● Your assignment: Report each line of the records where "metis" occurs.
#### Records for this exercise
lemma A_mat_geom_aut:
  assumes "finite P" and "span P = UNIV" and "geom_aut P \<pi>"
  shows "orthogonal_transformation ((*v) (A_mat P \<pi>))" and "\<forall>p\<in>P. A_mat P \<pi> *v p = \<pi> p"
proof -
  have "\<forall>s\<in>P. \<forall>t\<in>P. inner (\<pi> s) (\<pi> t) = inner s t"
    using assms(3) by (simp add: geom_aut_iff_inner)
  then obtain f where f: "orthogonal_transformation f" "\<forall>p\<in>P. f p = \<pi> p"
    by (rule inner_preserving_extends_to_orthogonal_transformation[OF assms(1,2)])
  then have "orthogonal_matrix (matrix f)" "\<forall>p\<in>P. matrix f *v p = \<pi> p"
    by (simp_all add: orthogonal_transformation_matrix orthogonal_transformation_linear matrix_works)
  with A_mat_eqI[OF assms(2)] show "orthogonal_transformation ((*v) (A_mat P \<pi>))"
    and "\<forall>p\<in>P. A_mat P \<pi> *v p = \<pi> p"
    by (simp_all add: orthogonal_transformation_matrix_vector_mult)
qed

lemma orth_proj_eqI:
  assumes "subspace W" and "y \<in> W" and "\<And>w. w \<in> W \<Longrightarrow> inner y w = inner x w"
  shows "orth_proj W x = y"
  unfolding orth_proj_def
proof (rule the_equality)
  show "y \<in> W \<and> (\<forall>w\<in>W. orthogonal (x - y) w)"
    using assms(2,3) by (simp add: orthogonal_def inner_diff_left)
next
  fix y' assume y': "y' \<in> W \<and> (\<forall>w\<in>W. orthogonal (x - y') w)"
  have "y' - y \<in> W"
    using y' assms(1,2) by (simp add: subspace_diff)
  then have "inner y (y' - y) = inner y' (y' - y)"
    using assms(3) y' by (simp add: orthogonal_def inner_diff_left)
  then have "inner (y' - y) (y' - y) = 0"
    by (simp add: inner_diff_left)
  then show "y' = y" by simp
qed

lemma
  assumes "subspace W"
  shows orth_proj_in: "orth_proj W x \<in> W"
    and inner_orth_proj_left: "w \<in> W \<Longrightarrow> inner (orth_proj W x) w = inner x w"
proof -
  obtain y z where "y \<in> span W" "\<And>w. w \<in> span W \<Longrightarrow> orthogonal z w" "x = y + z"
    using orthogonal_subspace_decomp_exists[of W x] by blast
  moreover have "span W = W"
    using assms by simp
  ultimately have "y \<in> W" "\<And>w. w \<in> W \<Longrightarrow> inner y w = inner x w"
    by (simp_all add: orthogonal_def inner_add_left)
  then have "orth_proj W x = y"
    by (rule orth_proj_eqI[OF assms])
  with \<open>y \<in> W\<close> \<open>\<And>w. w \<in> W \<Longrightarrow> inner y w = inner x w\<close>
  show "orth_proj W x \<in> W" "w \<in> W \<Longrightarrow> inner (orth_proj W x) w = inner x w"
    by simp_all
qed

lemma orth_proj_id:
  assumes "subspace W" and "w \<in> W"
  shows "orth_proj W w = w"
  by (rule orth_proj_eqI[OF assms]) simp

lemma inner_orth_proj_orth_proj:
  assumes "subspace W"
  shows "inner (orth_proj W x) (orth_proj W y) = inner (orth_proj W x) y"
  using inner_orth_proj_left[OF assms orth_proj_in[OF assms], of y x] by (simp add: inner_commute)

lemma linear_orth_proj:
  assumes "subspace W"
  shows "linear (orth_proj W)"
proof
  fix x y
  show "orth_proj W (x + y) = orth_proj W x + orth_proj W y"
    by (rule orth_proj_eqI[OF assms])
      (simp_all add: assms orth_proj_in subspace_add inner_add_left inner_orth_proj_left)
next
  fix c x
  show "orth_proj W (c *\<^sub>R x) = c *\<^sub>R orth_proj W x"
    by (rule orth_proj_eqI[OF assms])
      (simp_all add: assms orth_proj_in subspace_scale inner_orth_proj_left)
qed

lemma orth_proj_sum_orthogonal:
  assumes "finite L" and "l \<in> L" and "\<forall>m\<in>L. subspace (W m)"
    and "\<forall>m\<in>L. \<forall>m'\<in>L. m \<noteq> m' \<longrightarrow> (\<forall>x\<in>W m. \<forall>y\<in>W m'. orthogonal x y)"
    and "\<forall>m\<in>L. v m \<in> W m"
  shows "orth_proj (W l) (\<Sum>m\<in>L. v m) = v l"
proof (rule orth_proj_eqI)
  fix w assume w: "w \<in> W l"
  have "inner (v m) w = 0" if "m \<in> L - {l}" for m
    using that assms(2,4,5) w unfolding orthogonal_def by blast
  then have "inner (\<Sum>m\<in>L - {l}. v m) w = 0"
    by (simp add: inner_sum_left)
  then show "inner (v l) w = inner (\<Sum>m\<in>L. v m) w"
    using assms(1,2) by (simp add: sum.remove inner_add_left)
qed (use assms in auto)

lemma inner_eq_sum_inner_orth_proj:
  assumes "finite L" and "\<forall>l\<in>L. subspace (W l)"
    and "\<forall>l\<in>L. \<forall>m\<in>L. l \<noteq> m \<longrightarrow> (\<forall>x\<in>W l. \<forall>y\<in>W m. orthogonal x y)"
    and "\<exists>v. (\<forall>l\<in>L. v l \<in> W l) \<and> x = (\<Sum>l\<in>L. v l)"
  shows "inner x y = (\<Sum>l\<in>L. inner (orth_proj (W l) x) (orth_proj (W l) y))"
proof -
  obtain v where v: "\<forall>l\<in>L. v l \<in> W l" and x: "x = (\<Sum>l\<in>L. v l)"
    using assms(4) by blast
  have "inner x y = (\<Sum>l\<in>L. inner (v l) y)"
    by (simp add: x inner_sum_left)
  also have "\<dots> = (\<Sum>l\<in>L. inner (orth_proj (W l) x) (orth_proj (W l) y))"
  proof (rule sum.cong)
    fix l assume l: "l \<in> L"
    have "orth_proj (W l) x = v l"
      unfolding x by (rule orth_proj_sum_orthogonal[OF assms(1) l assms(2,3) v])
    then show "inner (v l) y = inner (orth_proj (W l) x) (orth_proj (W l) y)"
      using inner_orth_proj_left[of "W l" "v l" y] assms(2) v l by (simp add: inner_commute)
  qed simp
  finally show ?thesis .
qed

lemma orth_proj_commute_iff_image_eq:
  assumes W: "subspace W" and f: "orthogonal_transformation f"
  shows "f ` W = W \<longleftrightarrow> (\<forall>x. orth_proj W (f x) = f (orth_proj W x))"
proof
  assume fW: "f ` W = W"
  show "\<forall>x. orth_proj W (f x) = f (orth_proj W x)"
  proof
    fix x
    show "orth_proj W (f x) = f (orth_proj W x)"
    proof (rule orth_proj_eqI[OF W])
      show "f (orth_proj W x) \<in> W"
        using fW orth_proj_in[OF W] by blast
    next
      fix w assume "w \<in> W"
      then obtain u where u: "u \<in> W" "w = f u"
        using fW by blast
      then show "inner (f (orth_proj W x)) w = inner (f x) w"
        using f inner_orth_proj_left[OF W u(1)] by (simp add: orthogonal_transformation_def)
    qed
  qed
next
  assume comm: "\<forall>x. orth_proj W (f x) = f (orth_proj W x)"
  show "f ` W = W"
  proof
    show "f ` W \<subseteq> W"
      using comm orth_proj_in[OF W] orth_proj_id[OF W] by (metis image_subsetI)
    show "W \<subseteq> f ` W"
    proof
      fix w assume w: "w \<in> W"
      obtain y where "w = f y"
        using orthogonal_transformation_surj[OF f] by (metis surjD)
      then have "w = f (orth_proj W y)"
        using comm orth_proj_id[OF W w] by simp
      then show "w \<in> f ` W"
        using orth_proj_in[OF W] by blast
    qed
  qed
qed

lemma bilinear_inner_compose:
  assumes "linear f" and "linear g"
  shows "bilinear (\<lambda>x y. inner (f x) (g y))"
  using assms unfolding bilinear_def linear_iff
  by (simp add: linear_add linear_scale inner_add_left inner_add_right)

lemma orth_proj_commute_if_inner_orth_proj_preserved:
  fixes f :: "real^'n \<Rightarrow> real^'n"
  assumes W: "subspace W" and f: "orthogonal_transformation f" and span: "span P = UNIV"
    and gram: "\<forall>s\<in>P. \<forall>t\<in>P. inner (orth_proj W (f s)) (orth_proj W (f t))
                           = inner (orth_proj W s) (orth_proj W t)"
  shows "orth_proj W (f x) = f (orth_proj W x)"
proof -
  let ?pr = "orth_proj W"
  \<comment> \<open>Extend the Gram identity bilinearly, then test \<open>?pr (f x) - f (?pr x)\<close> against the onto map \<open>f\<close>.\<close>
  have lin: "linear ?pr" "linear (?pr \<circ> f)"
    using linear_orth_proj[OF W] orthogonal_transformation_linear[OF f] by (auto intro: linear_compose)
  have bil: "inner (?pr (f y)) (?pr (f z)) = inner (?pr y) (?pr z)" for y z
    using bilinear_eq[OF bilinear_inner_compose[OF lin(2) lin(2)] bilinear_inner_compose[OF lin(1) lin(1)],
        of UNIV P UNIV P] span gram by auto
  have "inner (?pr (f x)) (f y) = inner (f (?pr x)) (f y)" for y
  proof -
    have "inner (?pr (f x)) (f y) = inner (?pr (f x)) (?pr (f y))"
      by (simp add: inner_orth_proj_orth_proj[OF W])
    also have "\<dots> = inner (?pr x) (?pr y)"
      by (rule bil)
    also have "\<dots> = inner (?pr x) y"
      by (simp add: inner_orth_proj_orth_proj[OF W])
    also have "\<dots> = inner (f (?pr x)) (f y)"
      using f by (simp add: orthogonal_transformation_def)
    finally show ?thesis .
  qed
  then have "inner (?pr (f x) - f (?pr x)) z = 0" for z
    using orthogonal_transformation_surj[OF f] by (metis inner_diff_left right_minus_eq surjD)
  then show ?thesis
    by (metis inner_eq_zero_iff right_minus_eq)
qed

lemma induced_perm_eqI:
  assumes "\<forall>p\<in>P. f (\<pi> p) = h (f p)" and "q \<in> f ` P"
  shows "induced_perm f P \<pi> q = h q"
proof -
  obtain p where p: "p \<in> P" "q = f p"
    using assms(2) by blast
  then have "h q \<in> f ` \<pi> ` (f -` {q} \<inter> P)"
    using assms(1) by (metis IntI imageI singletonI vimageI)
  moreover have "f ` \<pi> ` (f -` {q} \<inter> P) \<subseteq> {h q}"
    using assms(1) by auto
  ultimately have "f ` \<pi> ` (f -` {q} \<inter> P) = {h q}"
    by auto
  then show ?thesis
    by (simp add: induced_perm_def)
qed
########
● Answer to the problem:
      using comm orth_proj_in[OF W] orth_proj_id[OF W] by (metis image_subsetI)
        using orthogonal_transformation_surj[OF f] by (metis surjD)
    using orthogonal_transformation_surj[OF f] by (metis inner_diff_left right_minus_eq surjD)
    by (metis inner_eq_zero_iff right_minus_eq)
    using assms(1) by (metis IntI imageI singletonI vimageI)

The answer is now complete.